lemma exact_power_factor:
  fixes q w :: int
  assumes "q \<noteq> 0" "e \<le> k" "q ^ k dvd q ^ e * w" "\<not> q ^ k dvd q ^ (e - 1) * w"
  shows "\<exists>r. w = q ^ (k - e) * r \<and> \<not> q dvd r"
proof -
  obtain r where r: "w = q ^ (k - e) * r"
    using power_dvd_of_dvd_mult_power[OF assms(1-3)] by blast
  have "\<not> q dvd r"
  proof
    assume "q dvd r"
    then have "q ^ (k - e + 1) dvd w" using r by (simp add: mult_dvd_mono)
    then have "q ^ k dvd q ^ (e - 1) * w"
      by (rule dvd_mult_power_of_power_dvd) (use assms(3,4) in \<open>cases e; auto\<close>)
    with assms(4) show False ..
  qed
  with r show ?thesis by blast
qed

lemma exists_inverse_mod_prime_power:
  fixes q r :: int
  assumes "prime q" "\<not> q dvd r" "0 < k"
  shows "\<exists>v. \<not> q dvd v \<and> (v * r) mod q ^ k = 1"
proof -
  have "coprime r (q ^ k)" using prime_imp_power_coprime[OF assms(1,2)] .
  then obtain v w where vw: "v * r + w * q ^ k = 1" using bezout_int[of r "q ^ k"] by auto
  have q1: "1 < q ^ k" using assms(1,3) prime_gt_1_int one_less_power by blast
  have "\<not> q dvd v"
  proof
    assume "q dvd v"
    moreover have "q dvd w * q ^ k" using assms(3) by (simp add: dvd_power)
    ultimately have "q dvd 1" using vw by (metis dvd_add dvd_mult2)
    then show False using assms(1) not_prime_unit by blast
  qed
  moreover have "(v * r) mod q ^ k = 1"
  proof -
    have "v * r - 1 = q ^ k * (- w)" using vw by (simp add: algebra_simps)
    then have "q ^ k dvd v * r - 1" by simp
    then have "(v * r) mod q ^ k = 1 mod q ^ k" by (simp add: mod_eq_dvd_iff)
    then show ?thesis using q1 by simp
  qed
  ultimately show ?thesis by blast
qed

lemma mult_mod_mod_eq_of_dvd:
  fixes c d m a :: int
  assumes "c dvd m * d"
  shows "(m * (a mod d)) mod c = (m * a) mod c"
proof -
  have "m * a = m * d * (a div d) + m * (a mod d)"
    by (metis mult_div_mod_eq distrib_left mult.assoc)
  then have "m * (a mod d) - m * a = (m * d) * (- (a div d))" by simp
  then show ?thesis using assms by (simp add: mod_eq_dvd_iff)
qed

#### [EXERCISE GOAL]
Set down exactly, and only, the lines from the one containing "ultimately show ?thesis by blast" through the final line of the entries above.

#### [SOLVED EXERCISE]
  ultimately show ?thesis by blast
qed

lemma mult_mod_mod_eq_of_dvd:
  fixes c d m a :: int
  assumes "c dvd m * d"
  shows "(m * (a mod d)) mod c = (m * a) mod c"
proof -
  have "m * a = m * d * (a div d) + m * (a mod d)"
    by (metis mult_div_mod_eq distrib_left mult.assoc)
  then have "m * (a mod d) - m * a = (m * d) * (- (a div d))" by simp
  then show ?thesis using assms by (simp add: mod_eq_dvd_iff)
qed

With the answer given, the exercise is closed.